● DATA SHOWN
>>>>>

theorem lemma4p3_conclusion_holds: "lemma4p3_conclusion scale cj sinv nrm pos K f"
  unfolding lemma4p3_conclusion_def
proof (intro allI impI conjI ballI)
  fix n :: nat assume n: "n > 0"
  show "nrm n X = Inf {opnorm (adjm cj a1 * a1 + adjm cj a2 * a2) | a1 a2 X1 X2.
      a1 \<in> carrier_mat n n \<and> a2 \<in> carrier_mat n n \<and> X1 \<in> K n \<and> X2 \<in> K n \<and>
      X = compress scale cj a1 X1 - compress scale cj a2 X2}" if "X \<in> sa_mats sinv n" for X
    using nrm_eq_Inf_compress[OF n that] .
  show "nrm n X = opnorm (map_mat f X)" if X: "X \<in> pos n" for X
  proof (rule antisym)
    show "nrm n X \<le> opnorm (map_mat f X)" by (rule nrm_le_opnorm_map_mat[OF n X])
    show "opnorm (map_mat f X) \<le> nrm n X"
      using X pos_sa_mats[OF n] by (intro opnorm_map_mat_le_nrm[OF n]) blast
  qed
  show "K n = {X \<in> pos n. map_mat f X = 1\<^sub>m n}" by (rule K_eq[OF n])
qed

end

lemma normed_involution_id: "normed_involution (\<lambda>c::real. c)"
  by unfold_locales (simp_all add: power2_eq_square)

lemma normed_involution_cnj: "normed_involution cnj"
proof
  fix a :: complex
  show "cnj a * a = of_real ((norm a)\<^sup>2)"
    by (simp only: complex_norm_square mult.commute)
qed simp_all
(* Let $P=\{\mathbf{x}: A\mathbf{x}\le\mathbf{b}\}\subseteq[0,k]^n\subseteq\mathbb{R}^n$ be a $d$-dimensional lattice polytope with integral constraint matrix $A$. Then the monotone diameter of $P$ is at most $(d-1)\|A\|_{\infty}nk+1$.
   Context: A lattice polytope is a polytope whose vertices have integer coordinates. $\|A\|_\infty$ denotes the maximum absolute value of an entry of $A$. A $\mathbf{c}$-monotone path is a sequence of vertices of $P$ in which consecutive vertices are joined by an edge of $P$ and $\mathbf{c}^{\intercal}\mathbf{x}$ strictly increases; its length is its number of edges. The monotone diameter of $P$ is the maximum, over all generic linear objectives $\mathbf{c}$ (not constant on any edge) and all vertices $\mathbf{v}$, of the length of a shortest $\mathbf{c}$-monotone path from $\mathbf{v}$ to the $\mathbf{c}$-maximal vertex. *)

theory Defs
  imports "HOL-Analysis.Analysis"
begin

definition vertex_of :: "real^'n \<Rightarrow> (real^'n) set \<Rightarrow> bool" where
  "vertex_of v P \<longleftrightarrow> v extreme_point_of P"

definition poly_edge :: "(real^'n) set \<Rightarrow> real^'n \<Rightarrow> real^'n \<Rightarrow> bool" where
  "poly_edge P u v \<longleftrightarrow> (convex hull {u, v}) face_of P \<and> aff_dim (convex hull {u, v}) = 1"

definition generic_obj :: "(real^'n) set \<Rightarrow> real^'n \<Rightarrow> bool" where
  "generic_obj P c \<longleftrightarrow> (\<forall>u v. poly_edge P u v \<longrightarrow> c \<bullet> u \<noteq> c \<bullet> v)"

text \<open>A c-monotone path (as the list of its vertices); its length is length xs - 1.\<close>
definition mono_path :: "(real^'n) set \<Rightarrow> real^'n \<Rightarrow> (real^'n) list \<Rightarrow> bool" where
  "mono_path P c xs \<longleftrightarrow> xs \<noteq> [] \<and> (\<forall>x\<in>set xs. vertex_of x P) \<and>
     (\<forall>i. Suc i < length xs \<longrightarrow> poly_edge P (xs ! i) (xs ! Suc i) \<and> c \<bullet> (xs ! i) < c \<bullet> (xs ! Suc i))"
text \<open>This is where majorisation enters: the first \<open>m\<close> vertices of \<open>\<sigma>\<close> are interior in \<open>(V, E)\<close>,
  so their degree sum, and hence their number of outer neighbours, is at least what the greedy
  tree gives them.\<close>

lemma card_crossing_ge:
  assumes m: "1 \<le> m" "m < n" and pos: "0 < f (\<sigma> (m - 1))"
  shows "last_child (m - 1) + 1 - m \<le> card (snd ` crossing edge_index_pairs_G m)"
proof -
  define T where "T = \<sigma> ` {0..<m}"
  have TI: "T \<subseteq> Defs.interior V E" unfolding T_def using prefix_in_interior pos m by simp
  have cT: "card T = m" unfolding T_def using card_sigma_image m by simp
  have "\<sigma> 0 \<in> V" using sigma_image m by auto
  then interpret G: rooted_tree V E "\<sigma> 0"
    using tree unfolding tree_with_boundary_def is_tree_def by unfold_locales auto
  have TV: "T \<subseteq> V" "T \<noteq> {}" using TI cT m by (auto simp: Defs.interior_def)
  have outer: "(\<Sum>v\<in>T. deg E v) + 2 \<le> 2 * m + card (\<sigma> ` snd ` crossing edge_index_pairs_G m)"
    using G.sum_deg_le_outer_neighbours[OF TV] outer_neighbours_prefix[of m] cT m
    unfolding T_def by simp
  have "sum_list (take m ds) \<le> sum_list (take m (deg_seq V E))"
    using majorized m length_ds unfolding maj_le_def
    by (metis One_nat_def Suc_pred less_eq_Suc_le less_imp_diff_less)
  also have "\<dots> \<le> (\<Sum>v\<in>T. deg E v)"
    using sum_take_deg_seq_le[OF G.finite_V TI] cT by simp
  finally have "last_child (m - 1) + (m - 1) \<le> (\<Sum>v\<in>T. deg E v)"
    using sum_take_eq_dsum[of m] dsum_eq_last_child[of "m - 1"] m by simp
  moreover have "card (\<sigma> ` snd ` crossing edge_index_pairs_G m)
      = card (snd ` crossing edge_index_pairs_G m)"
    by (intro card_image inj_on_subset[OF sigma_inj])
      (auto simp: crossing_def edge_index_pairs_G_def)
  ultimately show ?thesis using outer m by linarith
qed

<<<<<

● YOUR TASK
The lines above that hold "close" are the result; show every one of them.

● EXERCISE OUTPUT
text \<open>A c-monotone path (as the list of its vertices); its length is length xs - 1.\<close>
text \<open>This is where majorisation enters: the first \<open>m\<close> vertices of \<open>\<sigma>\<close> are interior in \<open>(V, E)\<close>,
  tree gives them.\<close>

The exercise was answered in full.